The NASA will study the polar ice with a laser

The polar caps of the Earth are actively changing, and now NASA is launching a new spaceship to find out how this happens. It is equipped with the most advanced lasers in the world.

NASA has long been launching satellites into orbit to study the poles for a long time. The Agency already has a number of photographing satellites that record how ice changes with time, as well as new GRACE satellites launched last month that record gravity deviations to fix the changing mass of ice beneath the surface.

The new NASA satellite – Ice, Cloud and land Elevation Satellite-2 (ICESat-2) – will approach the problem in a different way. It will send a powerful laser beam from orbit, and the Advanced Topographic Laser Altimeter (ATLAS) will measure the exact height of the Arctic ice.
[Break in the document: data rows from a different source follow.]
(* Fix $i_1,\dots,i_m\in\{1,\dots,n\}$ and integers $a,r,t\ge0$, $s\ge1$ with $2a+s+r+t=m$. If $r=0$, then $$\operatorname{ad}(X)\big([\eta^ax^s\partial^t;i_1,\dots,i_m]\big)=\tfrac{\sqrt{-1}}{\sqrt2}\,[\eta^ax^{s-1}\gamma\,\partial^t;i_1,\dots,i_m],$$ and if $r=1$, then $$\operatorname{ad}(X)\big([\eta^ax^s\gamma\,\partial^t;i_1,\dots,i_m]\big)=\tfrac{2\sqrt{-1}(a+1)}{\sqrt2}[\eta^{a+1}x^{s-1}\partial^t;i_1,\dots,i_m]+\tfrac{2\sqrt{-1}(t+1)}{\sqrt2}[\eta^ax^s\partial^{t+1};i_1,\dots,i_m].$$
   Context: Fix $n\ge1$ and an invertible complex matrix $\eta=(\eta^{ij})$ with $\eta^{ij}=\eta^{ji}$. $W(2n|n)$ is the associative superalgebra generated by even $x^1,\dots,x^n,\partial_1,\dots,\partial_n$ and odd $\gamma^1,\dots,\gamma^n$ with relations $x^ix^j=x^jx^i$, $\partial_i\partial_j=\partial_j\partial_i$, $\partial_ix^j-x^j\partial_i=\delta_i^j$, $\gamma^i$ commuting with all $x^j,\partial_j$, $\gamma^i\gamma^j+\gamma^j\gamma^i=2\eta^{ij}$; $\partial^i:=\eta^{ij}\partial_j$ (summed). $X=\frac{\sqrt{-1}}{\sqrt2}\gamma^i\partial_i$ and $\operatorname{ad}(X)(b)=Xb-(-1)^{|b|}bX$ for homogeneous $b$ (supercommutator). Bracket symbol: for integers $a,p,q,t\ge0$ with $2a+p+q+t=m$ (exponents of $\eta,x,\gamma,\partial$) and indices $i_1,\dots,i_m$, for $\sigma\in S_m$ put $T_\sigma:=\prod_{k=0}^{a-1}\eta^{i_{\sigma(2k+1)}i_{\sigma(2k+2)}}\cdot x^{i_{\sigma(2a+1)}}\cdots x^{i_{\sigma(2a+p)}}\cdot\gamma^{i_{\sigma(2a+p+1)}}\cdots\gamma^{i_{\sigma(2a+p+q)}}\cdot\partial^{i_{\sigma(2a+p+q+1)}}\cdots\partial^{i_{\sigma(m)}}$ and $[\eta^ax^p\gamma^q\partial^t;i_1,\dots,i_m]:=\frac1{2^a a!p!t!}\sum_{\sigma\in S_m}T_\sigma$ (factors with exponent $0$ omitted; the symbol is $0$ if the exponent of $x$ is negative). *)

theory Defs
  imports Complex_Main "HOL-Combinatorics.Permutations"
begin

text \<open>A complex (associative, unital) algebra is a ring 'a together with a central
  unital ring homomorphism sc from the complex numbers (scalar multiplication is
  z.b = sc z * b).\<close>
definition complex_alg_hom :: "(complex \<Rightarrow> 'a::ring_1) \<Rightarrow> bool" where
  "complex_alg_hom sc \<longleftrightarrow>
     sc 1 = 1 \<and> (\<forall>z w. sc (z + w) = sc z + sc w) \<and> (\<forall>z w. sc (z * w) = sc z * sc w)
     \<and> (\<forall>z b. sc z * b = b * sc z)"

definition sym_invertible :: "nat \<Rightarrow> (nat \<Rightarrow> nat \<Rightarrow> complex) \<Rightarrow> bool" where
  "sym_invertible n eta \<longleftrightarrow>
     (\<forall>i\<in>{1..n}. \<forall>j\<in>{1..n}. eta i j = eta j i) \<and>
     (\<exists>zeta. \<forall>i\<in>{1..n}. \<forall>k\<in>{1..n}.
        (\<Sum>j\<in>{1..n}. eta i j * zeta j k) = (if i = k then 1 else 0) \<and>
        (\<Sum>j\<in>{1..n}. zeta i j * eta j k) = (if i = k then 1 else 0))"
lemma Max_lt_of_depth_le_3:
  assumes g: "gapset G" and card: "card G = 3 * n + 1" and "0 < n"
    and sparse: "\<And>p q. consecutive G p q \<Longrightarrow> q - p \<le> 2 * n" and depth: "depth G \<le> 3"
  shows "Max G < 6 * n"
proof (rule ccontr)
  let ?m = "multiplicity G" and ?F = "Max G"
  assume "\<not> ?F < 6 * n"
  have fin: "finite G" using gapset_finite[OF g] .
  have "G \<noteq> {}" using card by auto
  have "?F \<in> G" using Max_in[OF fin \<open>G \<noteq> {}\<close>] .
  have "0 < ?m" "?m \<notin> G" using multiplicity_pos_notin[OF fin] by auto
  have "?F < 3 * ?m" using depth depth_le_3_iff[OF fin \<open>G \<noteq> {}\<close>] by simp
  have "?m < ?F"
    using multiplicity_le_Suc_card[OF fin] card \<open>\<not> ?F < 6 * n\<close> \<open>0 < n\<close> by linarith
  have "insert ?F {1..<?m} \<subseteq> G" using mem_below_multiplicity \<open>?F \<in> G\<close> by auto
  then have "card (insert ?F {1..<?m}) \<le> 3 * n + 1" using card_mono[OF fin] card by metis
  then have "?m \<le> 3 * n + 1" using \<open>?m < ?F\<close> \<open>0 < ?m\<close> by simp
  text \<open>Sparseness forces a gap y strictly between p and F, and by the choice of p,
    y and F - y are two distinct gaps, which the pairing bound forbids once F \<ge> 2g - 2.\<close>
  define p where "p = max (?F - ?m) (?m - 1)"
  have "p \<in> G"
    using gapset_diff_mem[OF g \<open>?F \<in> G\<close> \<open>?m \<notin> G\<close> \<open>0 < ?m\<close> \<open>?m < ?F\<close>]
      mem_below_multiplicity[of "?m - 1" G] \<open>?F < 3 * ?m\<close> \<open>\<not> ?F < 6 * n\<close> \<open>0 < n\<close>
    unfolding p_def by (auto simp: max_def)
  moreover have "p < ?F" "2 * n < ?F - p"
    unfolding p_def using \<open>?m < ?F\<close> \<open>?m \<le> 3 * n + 1\<close> \<open>?F < 3 * ?m\<close> \<open>\<not> ?F < 6 * n\<close> \<open>0 < n\<close>
    by (auto simp: max_def)
  ultimately obtain y where y: "consecutive G p y" "y \<le> ?F"
    using ex_consecutive_succ[OF fin _ \<open>?F \<in> G\<close>] by blast
  have "y \<in> G" "p < y" using y unfolding consecutive_def by auto
  then have "y < ?F" using sparse[OF y(1)] \<open>2 * n < ?F - p\<close> by linarith
  have "?F - ?m < y" "?m - 1 < y" using \<open>p < y\<close> unfolding p_def by auto
  then have "?F - y \<in> G" using mem_below_multiplicity[of "?F - y" G] \<open>y < ?F\<close> by simp
  moreover have "y \<noteq> ?F - y" using \<open>?F - ?m < y\<close> \<open>?m - 1 < y\<close> \<open>y < ?F\<close> by linarith
  ultimately have "?F + 3 \<le> 2 * card G"
    using Max_add_3_le_of_symmetric_pair[OF g \<open>y \<in> G\<close>] \<open>y < ?F\<close> by simp
  then show False using card \<open>\<not> ?F < 6 * n\<close> by linarith
qed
When the laser beam hits the ice, some of the light will be reflected back into space, where it will be fixed by the satellite ICESat-2. It will measure up to a billionth of a second the time it will take for the light to reach the planet and back.

The laser is capable of firing 10,000 times per second, that is, it can make about 2000 measurements from every mile. This is 50 times more than what the predecessor of this ICESat-1 satellite could do. With this number of measurements, ICESat-2 can give scientists an extremely accurate picture of what happens to glaciers at the poles.